I like the accepted answer just fine :-) That is, I'm adding this for info, not looking for points.
If you have heavy need for this, trying a match on O(N^2) pairs of indices may soon become unbearably slow. One improvement is to use the .search() method to "leap" directly to the only starting indices that can possibly pay off. So the following does that.
It also uses the .fullmatch() method so that you don't have to artificially change the "natural" regexp (e.g., in your example, no need to add a trailing $ to the regexp - and, indeed, in the following code doing so would no longer work as intended). Note that .fullmatch() was added in Python 3.4, so this code also requires Python 3!
Finally, this intends to generalize the re module's finditer() function/method. While you don't need match objects (you just want strings), they're far more generally applicable, and returning a generator is often friendlier than returning a list too.

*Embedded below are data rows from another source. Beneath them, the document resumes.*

(* Let $\mathbb{F}$ be algebraically closed with $\operatorname{char}\mathbb{F}\ne2$, $G$ an abelian group, $h\in G$ of order 2, $\bar G=G/\langle h\rangle$, $\pi:G\to\bar G$ the quotient map, and $\chi:G\to\mathbb{F}^\times$ a character with $\chi(h)=-1$ (so $\chi^2$ is a character of $\bar G$). The $\bar G$-graded algebra $\mathcal{R}=\mathfrak{F}(\bar G,\mathcal{D},\widetilde V,\widetilde B,\bar g_0)$ with its antiautomorphism $\varphi$ satisfies $\varphi^2(r)=\chi^2(\bar g)r$ for all $r\in\mathcal{R}_{\bar g}$, $\bar g\in\bar G$, if and only if $\pi$ splits over the support $\bar T$ of $\mathcal{D}$ (so that $\chi^2$ is trivial on $\bar T$ and may be regarded as a character of $\bar G/\bar T$) and there exists $\mu_0\in\mathbb{F}^\times$ such that, for all $A\in\bar G/\bar T$, $\mu_A=\mu_0\chi^{-2}(A)\beta(\tau(A))$ if $\bar g_0A^2=\bar T$ and $\mu_A=\mu_0\chi^{-2}(A)$ if $\bar g_0A^2\ne\bar T$.
   Context: $\mathcal{D}=M_\ell(\mathbb{F})$ with a division $\bar G$-grading (nonzero homogeneous elements invertible) whose support $\bar T$ is an elementary abelian 2-group, with homogeneous basis $X_t$ ($t\in\bar T$) such that matrix transpose $\varphi_0$ satisfies $\varphi_0(X_t)=\beta(t)X_t$, $\beta(t)\in\{\pm1\}$. "$\pi$ splits over $\bar T$" means $\pi^{-1}(\bar T)\cong\bar T\times\langle h\rangle$. $\bar g_0\in\bar G$; $\widetilde V$ is a vector space graded by $\bar G/\bar T$; $\widetilde B$ is a nondegenerate bilinear form on $\widetilde V$ with $\widetilde B(\widetilde V_A,\widetilde V_{A'})=0$ unless $\bar g_0AA'=\bar T$ and $\widetilde B(v,u)=\mu_A\widetilde B(u,v)$ for $u\in\widetilde V_A$, $v\in\widetilde V_{\bar g_0^{-1}A^{-1}}$, for some scalars $\mu_A\in\mathbb{F}^\times$. Choose $\gamma(A)\in A$ with $\bar g_0\gamma(A)\gamma(\bar g_0^{-1}A^{-1})=e$ whenever $\bar g_0A^2\ne\bar T$; $\tau(A)=\bar g_0\gamma(A)^2$ when $\bar g_0A^2=\bar T$. $V=\bigoplus_A\widetilde V_A\otimes\mathcal{D}$ with $\tilde v\otimes d$ of degree $\gamma(A)\deg d$; $B:V\times V\to\mathcal{D}$ is $B(u,v)=\widetilde B(u,v)X_{\tau(A)}$ for $u,v\in\widetilde V_A$, $\bar g_0A^2=\bar T$; $B(u,v)=\widetilde B(u,v)1$ for $u\in\widetilde V_A$, $v\in\widetilde V_{\bar g_0^{-1}A^{-1}}$, $\bar g_0A^2\ne\bar T$; zero on other pairs of components; extended by $B(ud,vd')=\varphi_0(d)B(u,v)d'$. $\mathcal{R}$ is the graded algebra spanned by operators $v\otimes u:x\mapsto vB(u,x)$ ($u,v$ homogeneous) and $\varphi$ is given by $B(ru,v)=B(u,\varphi(r)v)$. *)

theory Defs
  imports "HOL-Analysis.Analysis" "HOL-Algebra.Coset" "HOL-Computational_Algebra.Polynomial"
begin

definition alg_closed :: "'f::field itself \<Rightarrow> bool" where
  "alg_closed _ = (\<forall>p::'f poly. degree p \<ge> 1 \<longrightarrow> (\<exists>x. poly p x = 0))"

definition smat :: "'f::field \<Rightarrow> 'f^'n^'n \<Rightarrow> 'f^'n^'n" where
  "smat c M = (\<chi> i j. c * M $ i $ j)"

(* V = (direct sum over the homogeneous basis e_i of V~) of e_i \<otimes> D :
   finitely supported functions 'i \<Rightarrow> M_l(F),  x = sum_i e_i \<otimes> x i *)
definition Vsp :: "('i \<Rightarrow> 'f::field^'n^'n) set" where
  "Vsp = {x. finite {i. x i \<noteq> 0}}"

(* homogeneous elements of V of degree a \<in> G-bar; e_i \<otimes> X_t has degree gam(dg i) t *)
definition Vhom :: "('g set) monoid \<Rightarrow> 'g set set \<Rightarrow> ('g set \<Rightarrow> 'f::field^'n^'n)
    \<Rightarrow> ('g set set \<Rightarrow> 'g set) \<Rightarrow> ('i \<Rightarrow> 'g set set) \<Rightarrow> 'g set \<Rightarrow> ('i \<Rightarrow> 'f^'n^'n) set" where
  "Vhom Gb Tb X gam dg a = {x \<in> Vsp. \<forall>i. x i = 0 \<or>
      (\<exists>t\<in>Tb. \<exists>c. gam (dg i) \<otimes>\<^bsub>Gb\<^esub> t = a \<and> x i = smat c (X t))}"

(* B(e_i, e_j) \<in> D, following the definition of B *)
definition bhat :: "('g set) monoid \<Rightarrow> 'g set set \<Rightarrow> ('g set \<Rightarrow> 'f::field^'n^'n)
    \<Rightarrow> ('g set set \<Rightarrow> 'g set) \<Rightarrow> ('i \<Rightarrow> 'g set set) \<Rightarrow> 'g set \<Rightarrow> ('i \<Rightarrow> 'i \<Rightarrow> 'f)
    \<Rightarrow> 'i \<Rightarrow> 'i \<Rightarrow> 'f^'n^'n" where
  "bhat Gb Tb X gam dg g0 b i j =
    (let Q = Gb Mod Tb; g0c = Tb #>\<^bsub>Gb\<^esub> g0; A = dg i in
     if g0c \<otimes>\<^bsub>Q\<^esub> A \<otimes>\<^bsub>Q\<^esub> A = \<one>\<^bsub>Q\<^esub>
     then (if dg j = A then smat (b i j) (X (g0 \<otimes>\<^bsub>Gb\<^esub> gam A \<otimes>\<^bsub>Gb\<^esub> gam A)) else 0)
     else (if dg j = inv\<^bsub>Q\<^esub> (g0c \<otimes>\<^bsub>Q\<^esub> A) then smat (b i j) (mat 1) else 0))"

(* B(x,y) = sum_{i,j} phi0(x i) B(e_i,e_j) (y j), phi0 = transpose *)
definition formB :: "('i \<Rightarrow> 'i \<Rightarrow> 'f::field^'n^'n) \<Rightarrow> ('i \<Rightarrow> 'f^'n^'n) \<Rightarrow> ('i \<Rightarrow> 'f^'n^'n) \<Rightarrow> 'f^'n^'n" where
  "formB bh x y = (\<Sum>i\<in>{i. x i \<noteq> 0}. \<Sum>j\<in>{j. y j \<noteq> 0}. transpose (x i) ** bh i j ** y j)"

(* the operator v \<otimes> u : x \<mapsto> v B(u,x) *)
definition rop :: "('i \<Rightarrow> 'i \<Rightarrow> 'f::field^'n^'n) \<Rightarrow> ('i \<Rightarrow> 'f^'n^'n) \<Rightarrow> ('i \<Rightarrow> 'f^'n^'n)
    \<Rightarrow> ('i \<Rightarrow> 'f^'n^'n) \<Rightarrow> ('i \<Rightarrow> 'f^'n^'n)" where
  "rop bh v u = (\<lambda>x k. v k ** formB bh u x)"

definition opscale :: "'f::field \<Rightarrow> (('i \<Rightarrow> 'f^'n^'n) \<Rightarrow> ('i \<Rightarrow> 'f^'n^'n))
    \<Rightarrow> (('i \<Rightarrow> 'f^'n^'n) \<Rightarrow> ('i \<Rightarrow> 'f^'n^'n))" where
  "opscale c r = (\<lambda>x k. smat c (r x k))"

(* homogeneous component R_a of R: span of v \<otimes> u with u \<in> V_au, v \<in> V_av, g0 au av = a *)
definition Rdeg :: "('g set) monoid \<Rightarrow> 'g set set \<Rightarrow> ('g set \<Rightarrow> 'f::field^'n^'n)
    \<Rightarrow> ('g set set \<Rightarrow> 'g set) \<Rightarrow> ('i \<Rightarrow> 'g set set) \<Rightarrow> 'g set \<Rightarrow> ('i \<Rightarrow> 'i \<Rightarrow> 'f)
    \<Rightarrow> 'g set \<Rightarrow> (('i \<Rightarrow> 'f^'n^'n) \<Rightarrow> ('i \<Rightarrow> 'f^'n^'n)) set" where
  "Rdeg Gb Tb X gam dg g0 b a = {r. \<exists>(n::nat) c u v au av.
     (\<forall>k<n. au k \<in> carrier Gb \<and> av k \<in> carrier Gb \<and>
            u k \<in> Vhom Gb Tb X gam dg (au k) \<and> v k \<in> Vhom Gb Tb X gam dg (av k) \<and>
            g0 \<otimes>\<^bsub>Gb\<^esub> au k \<otimes>\<^bsub>Gb\<^esub> av k = a) \<and>
     r = (\<lambda>x p. \<Sum>k<n. smat (c k) (rop (bhat Gb Tb X gam dg g0 b) (v k) (u k) x p))}"

definition Ralg :: "('g set) monoid \<Rightarrow> 'g set set \<Rightarrow> ('g set \<Rightarrow> 'f::field^'n^'n)
    \<Rightarrow> ('g set set \<Rightarrow> 'g set) \<Rightarrow> ('i \<Rightarrow> 'g set set) \<Rightarrow> 'g set \<Rightarrow> ('i \<Rightarrow> 'i \<Rightarrow> 'f)
    \<Rightarrow> (('i \<Rightarrow> 'f^'n^'n) \<Rightarrow> ('i \<Rightarrow> 'f^'n^'n)) set" where
  "Ralg Gb Tb X gam dg g0 b = {r. \<exists>(n::nat) c u v au av.
     (\<forall>k<n. au k \<in> carrier Gb \<and> av k \<in> carrier Gb \<and>
            u k \<in> Vhom Gb Tb X gam dg (au k) \<and> v k \<in> Vhom Gb Tb X gam dg (av k)) \<and>
     r = (\<lambda>x p. \<Sum>k<n. smat (c k) (rop (bhat Gb Tb X gam dg g0 b) (v k) (u k) x p))}"

definition phiR :: "('g set) monoid \<Rightarrow> 'g set set \<Rightarrow> ('g set \<Rightarrow> 'f::field^'n^'n)
    \<Rightarrow> ('g set set \<Rightarrow> 'g set) \<Rightarrow> ('i \<Rightarrow> 'g set set) \<Rightarrow> 'g set \<Rightarrow> ('i \<Rightarrow> 'i \<Rightarrow> 'f)
    \<Rightarrow> (('i \<Rightarrow> 'f^'n^'n) \<Rightarrow> ('i \<Rightarrow> 'f^'n^'n)) \<Rightarrow> (('i \<Rightarrow> 'f^'n^'n) \<Rightarrow> ('i \<Rightarrow> 'f^'n^'n))" where
  "phiR Gb Tb X gam dg g0 b r = (THE s. s \<in> Ralg Gb Tb X gam dg g0 b \<and>
     (\<forall>x\<in>Vsp. \<forall>y\<in>Vsp. formB (bhat Gb Tb X gam dg g0 b) (r x) y
                        = formB (bhat Gb Tb X gam dg g0 b) x (s y)))"

end

theory Submission
  imports Defs
begin
lemma distr_PiM_pairs:
  assumes M: "prob_space M" and U: "U \<noteq> {}"
    and pq: "\<And>u. u \<in> U \<Longrightarrow> p u \<in> I \<and> q u \<in> I \<and> p u \<noteq> q u"
    and disj: "disjoint_family_on (\<lambda>u. {p u, q u}) U"
    and f: "f \<in> measurable (M \<Otimes>\<^sub>M M) N"
  shows "distr (PiM I (\<lambda>_. M)) (PiM U (\<lambda>_. N)) (\<lambda>x. \<lambda>u\<in>U. f (x (p u), x (q u)))
    = PiM U (\<lambda>_. distr (M \<Otimes>\<^sub>M M) N f)"
proof -
  interpret P: prob_space "PiM I (\<lambda>_. M)" using M by (intro prob_space_PiM)
  have pair: "(\<lambda>x. (x (p u), x (q u))) \<in> measurable (PiM I (\<lambda>_. M)) (M \<Otimes>\<^sub>M M)" if "u \<in> U" for u
    using pq[OF that] by (intro measurable_Pair measurable_component_singleton) auto
  have rv: "P.random_variable N (\<lambda>x. f (x (p u), x (q u)))" if "u \<in> U" for u
    using measurable_compose[OF pair[OF that] f] by simp
  have "P.indep_vars (\<lambda>_. M \<Otimes>\<^sub>M M) (\<lambda>u x. (x (p u), x (q u))) U"
    using pq by (intro indep_vars_PiM_pairs M U disj) auto
  then have "P.indep_vars (\<lambda>_. N) (\<lambda>u x. f (x (p u), x (q u))) U"
    by (rule P.indep_vars_compose2[where X="\<lambda>u x. (x (p u), x (q u))"]) (use f in simp)
  then have "distr (PiM I (\<lambda>_. M)) (PiM U (\<lambda>_. N)) (\<lambda>x. \<lambda>u\<in>U. f (x (p u), x (q u)))
      = PiM U (\<lambda>u. distr (PiM I (\<lambda>_. M)) N (\<lambda>x. f (x (p u), x (q u))))"
    using P.indep_vars_iff_distr_eq_PiM'[OF U rv] by simp
  also have "\<dots> = PiM U (\<lambda>_. distr (M \<Otimes>\<^sub>M M) N f)"
  proof (intro PiM_cong refl)
    fix u assume u: "u \<in> U"
    have "distr (PiM I (\<lambda>_. M)) N (\<lambda>x. f (x (p u), x (q u)))
        = distr (distr (PiM I (\<lambda>_. M)) (M \<Otimes>\<^sub>M M) (\<lambda>x. (x (p u), x (q u)))) N f"
      using distr_distr[OF f pair[OF u]] by (simp add: comp_def)
    also have "\<dots> = distr (M \<Otimes>\<^sub>M M) N f"
      using pq[OF u] by (simp add: distr_PiM_pair[OF M])
    finally show "distr (PiM I (\<lambda>_. M)) N (\<lambda>x. f (x (p u), x (q u))) = distr (M \<Otimes>\<^sub>M M) N f" .
  qed
  finally show ?thesis .
qed

lemma measure_PiM_pairs_in:
  assumes M: "prob_space M" and U: "finite U" "U \<noteq> {}"
    and pq: "\<And>u. u \<in> U \<Longrightarrow> p u \<in> I \<and> q u \<in> I \<and> p u \<noteq> q u"
    and disj: "disjoint_family_on (\<lambda>u. {p u, q u}) U"
    and S: "S \<in> sets (M \<Otimes>\<^sub>M M)"
  shows "measure (PiM I (\<lambda>_. M)) {x \<in> space (PiM I (\<lambda>_. M)). \<forall>u\<in>U. (x (p u), x (q u)) \<in> S}
    = measure (M \<Otimes>\<^sub>M M) S ^ card U"
proof -
  interpret MM: prob_space "M \<Otimes>\<^sub>M M"
    using M by (simp add: prob_space_pair)
  interpret finite_product_prob_space "\<lambda>_. M \<Otimes>\<^sub>M M" U
    using U by unfold_locales
  let ?pairs = "\<lambda>x. \<lambda>u\<in>U. (x (p u), x (q u))"
  have pairs: "?pairs \<in> measurable (PiM I (\<lambda>_. M)) (PiM U (\<lambda>_. M \<Otimes>\<^sub>M M))"
    using pq by (intro measurable_restrict measurable_Pair measurable_component_singleton) auto
  have "{x \<in> space (PiM I (\<lambda>_. M)). \<forall>u\<in>U. (x (p u), x (q u)) \<in> S}
      = ?pairs -` (\<Pi>\<^sub>E u\<in>U. S) \<inter> space (PiM I (\<lambda>_. M))"
    by auto
  also have "measure (PiM I (\<lambda>_. M)) \<dots>
      = measure (distr (PiM I (\<lambda>_. M)) (PiM U (\<lambda>_. M \<Otimes>\<^sub>M M)) ?pairs) (\<Pi>\<^sub>E u\<in>U. S)"
    using S U by (intro measure_distr[OF pairs, symmetric] sets_PiM_I_finite) auto
  also have "\<dots> = measure (PiM U (\<lambda>_. M \<Otimes>\<^sub>M M)) (\<Pi>\<^sub>E u\<in>U. S)"
    using distr_PiM_pairs[OF M U(2) pq disj measurable_id] by simp
  also have "\<dots> = measure (M \<Otimes>\<^sub>M M) S ^ card U"
    using S by (simp add: prob_times)
  finally show ?thesis .
qed

section \<open>Comparing two i.i.d.\ reals in modulus\<close>

definition fst_dominant :: "(real \<times> real) set" where
  "fst_dominant = {p. \<bar>snd p\<bar> < \<bar>fst p\<bar>}"

definition snd_dominant :: "(real \<times> real) set" where
  "snd_dominant = {p. \<bar>fst p\<bar> < \<bar>snd p\<bar>}"

lemma fst_dominant_Int_snd_dominant: "fst_dominant \<inter> snd_dominant = {}"
  by (auto simp: fst_dominant_def snd_dominant_def)

lemma sets_pair_dominant:
  fixes M :: "real measure"
  assumes sets_M[measurable_cong]: "sets M = sets borel"
  shows "fst_dominant \<in> sets (M \<Otimes>\<^sub>M M)" "snd_dominant \<in> sets (M \<Otimes>\<^sub>M M)"
proof -
  have "{p \<in> space (M \<Otimes>\<^sub>M M). \<bar>snd p\<bar> < \<bar>fst p\<bar>} \<in> sets (M \<Otimes>\<^sub>M M)"
    "{p \<in> space (M \<Otimes>\<^sub>M M). \<bar>fst p\<bar> < \<bar>snd p\<bar>} \<in> sets (M \<Otimes>\<^sub>M M)"
    by measurable
  then show "fst_dominant \<in> sets (M \<Otimes>\<^sub>M M)" "snd_dominant \<in> sets (M \<Otimes>\<^sub>M M)"
    using sets_eq_imp_space_eq[OF sets_M]
    by (simp_all add: space_pair_measure fst_dominant_def snd_dominant_def)
qed

lemma AE_pair_abs_neq:
  fixes M :: "real measure"
  assumes M: "prob_space M" and sets_M[measurable_cong]: "sets M = sets borel"
    and no_atoms: "\<And>a. AE x in M. x \<noteq> a"
  shows "AE p in M \<Otimes>\<^sub>M M. \<bar>fst p\<bar> \<noteq> \<bar>snd p\<bar>"
proof -
  interpret prob_space M by (rule M)
  interpret pair_prob_space M M ..
  show ?thesis
  proof (rule AE_pair_measure)
    show "{p \<in> space (M \<Otimes>\<^sub>M M). \<bar>fst p\<bar> \<noteq> \<bar>snd p\<bar>} \<in> sets (M \<Otimes>\<^sub>M M)"
      by measurable
    show "AE x in M. AE y in M. \<bar>fst (x, y)\<bar> \<noteq> \<bar>snd (x, y)\<bar>"
    proof (rule AE_I2)
      fix x
      show "AE y in M. \<bar>fst (x, y)\<bar> \<noteq> \<bar>snd (x, y)\<bar>"
        using no_atoms[of x] no_atoms[of "-x"] by eventually_elim (auto simp: abs_eq_iff)
    qed
  qed
qed

lemma measure_pair_dominant:
  fixes M :: "real measure"
  assumes M: "prob_space M" and sets_M[measurable_cong]: "sets M = sets borel"
    and no_atoms: "\<And>a. AE x in M. x \<noteq> a"
  shows "measure (M \<Otimes>\<^sub>M M) fst_dominant = 1/2" "measure (M \<Otimes>\<^sub>M M) snd_dominant = 1/2"
proof -
  interpret prob_space M by (rule M)
  interpret pair_prob_space M M ..
  have space: "space (M \<Otimes>\<^sub>M M) = UNIV"
    using sets_eq_imp_space_eq[OF sets_M] by (simp add: space_pair_measure)
  note sets = sets_pair_dominant[OF sets_M]
  txt \<open>Swapping the coordinates exchanges the two sets, and their union has full measure.\<close>
  have swap_meas: "(\<lambda>(x, y). (y, x)) \<in> measurable (M \<Otimes>\<^sub>M M) (M \<Otimes>\<^sub>M M)"
    by measurable
  have "measure (M \<Otimes>\<^sub>M M) snd_dominant = measure (distr (M \<Otimes>\<^sub>M M) (M \<Otimes>\<^sub>M M) (\<lambda>(x, y). (y, x))) snd_dominant"
    by (simp flip: distr_pair_swap)
  also have "\<dots> = measure (M \<Otimes>\<^sub>M M) ((\<lambda>(x, y). (y, x)) -` snd_dominant \<inter> space (M \<Otimes>\<^sub>M M))"
    by (rule measure_distr[OF swap_meas sets(2)])
  also have "(\<lambda>(x, y). (y, x)) -` snd_dominant \<inter> space (M \<Otimes>\<^sub>M M) = fst_dominant"
    by (auto simp: space fst_dominant_def snd_dominant_def)
  finally have swap: "measure (M \<Otimes>\<^sub>M M) snd_dominant = measure (M \<Otimes>\<^sub>M M) fst_dominant" .
  have "AE p in M \<Otimes>\<^sub>M M. p \<in> fst_dominant \<union> snd_dominant"
    using AE_pair_abs_neq[OF M sets_M no_atoms]
    by eventually_elim (auto simp: fst_dominant_def snd_dominant_def)
  then have "1 = measure (M \<Otimes>\<^sub>M M) (fst_dominant \<union> snd_dominant)"
    using sets by (subst eq_commute, subst prob_eq_1) auto
  also have "\<dots> = measure (M \<Otimes>\<^sub>M M) fst_dominant + measure (M \<Otimes>\<^sub>M M) snd_dominant"
    using sets fst_dominant_Int_snd_dominant by (rule finite_measure_Union)
  finally show "measure (M \<Otimes>\<^sub>M M) fst_dominant = 1/2" "measure (M \<Otimes>\<^sub>M M) snd_dominant = 1/2"
    using swap by simp_all
qed
theorem proposition1:
  fixes N M L :: nat and rmax vmax r v \<theta> \<phi> g \<sigma>2 :: real
  assumes "N \<ge> 2" and "M \<ge> 2" and "L \<ge> 2"
    and "rmax > 0" and "vmax > 0"
    and "- (pi / 2) < \<theta>" and "\<theta> < pi / 2"
    and "g > 0" and "\<sigma>2 > 0"
  shows "crb_pos N M L rmax
           (vector [2 * pi * r / rmax, pi * v / vmax, pi * sin \<theta>, \<phi>, g, \<sigma>2] :: real^6)
         = (let c = 6 * \<sigma>2 / (pi\<^sup>2 * real N * real M * real L * g\<^sup>2);
                dN = 4 * ((real N)\<^sup>2 - 1);
                dL = (real L)\<^sup>2 - 1;
                a = rmax\<^sup>2 * (sin \<theta>)\<^sup>2 / dN + r\<^sup>2 / dL;
                b = (rmax\<^sup>2 / dN - r\<^sup>2 / (dL * (cos \<theta>)\<^sup>2)) * sin \<theta> * cos \<theta>;
                d = rmax\<^sup>2 * (cos \<theta>)\<^sup>2 / dN + r\<^sup>2 * (tan \<theta>)\<^sup>2 / dL
            in vector [vector [c * a, c * b], vector [c * b, c * d]])"
proof -
  let ?\<xi> = "vector [2 * pi * r / rmax, pi * v / vmax, pi * sin \<theta>, \<phi>, g, \<sigma>2] :: real^6"
  let ?K = "real N * real M * real L"
  have square_gt_1: "(real n)\<^sup>2 - 1 > 0" if "n \<ge> 2" for n
    using that mult_mono[of 2 "real n" 2 "real n"] by (simp add: power2_eq_square)
  have "(real N)\<^sup>2 - 1 > 0" "(real M)\<^sup>2 - 1 > 0" "(real L)\<^sup>2 - 1 > 0"
    using assms by (simp_all only: square_gt_1)
  moreover have "?K > 0"
    using assms by simp
  ultimately have nonzero: "(real N)\<^sup>2 - 1 \<noteq> 0" "(real M)\<^sup>2 - 1 \<noteq> 0" "(real L)\<^sup>2 - 1 \<noteq> 0" "?K \<noteq> 0"
    by linarith+
  have "matrix_inv (fisher_info N M L ?\<xi>) = bordered_fim_inv (2 * g\<^sup>2 * ?K / \<sigma>2)
      ((real N - 1) / 2) ((real M - 1) / 2) ((real L - 1) / 2)
      (((real N)\<^sup>2 - 1) / 12) (((real M)\<^sup>2 - 1) / 12) (((real L)\<^sup>2 - 1) / 12) (2 * ?K / \<sigma>2) (?K / \<sigma>2\<^sup>2)"
    using assms nonzero
    by (simp add: fisher_info_eq_bordered_fim matrix_inv_unique bordered_fim_mult_inv)
  moreover have "pos_jacobian rmax ?\<xi> = polar_jacobian rmax r \<theta>"
    using assms by (simp add: pos_jacobian_eq)
  moreover have "cos \<theta> \<noteq> 0"
    using assms cos_gt_zero_pi by force
  ultimately show ?thesis
    using polar_jacobian_bordered_fim_inv_product[of "(real N)\<^sup>2 - 1" "(real L)\<^sup>2 - 1" ?K g \<sigma>2 \<theta>] assms nonzero
    by (simp add: crb_pos_def Let_def mult.assoc)
qed

end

So, no, this doesn't do exactly what you want, but does things from which you can get what you want, in Python 3, faster:
def finditer_overlap(regexp, string):
start = 0
n = len(string)
while start <= n:
# don't know whether regexp will find shortest or
# longest match, but _will_ find leftmost match
m = regexp.search(string, start)
if m is None:
return
start = m.start()
for finish in range(start, n+1):
m = regexp.fullmatch(string, start, finish)
if m is not None:
yield m
start += 1
Then, e.g.,
import re
string2 = "ATGTCAGGTAAGCTTAGGGCTTTAGGATT"
pat = re.compile("ATG.*(TAA|TAG)")
for match in finditer_overlap(pat, string2):
print(match.group())
prints what you wanted in your example. The other ways you tried to write a regexp should also work. In this example it's faster because the second time around the outer loop start is 1, and regexp.search(string, 1) fails to find another match, so the generator exits at once (so skips checking O(N^2) other index pairs).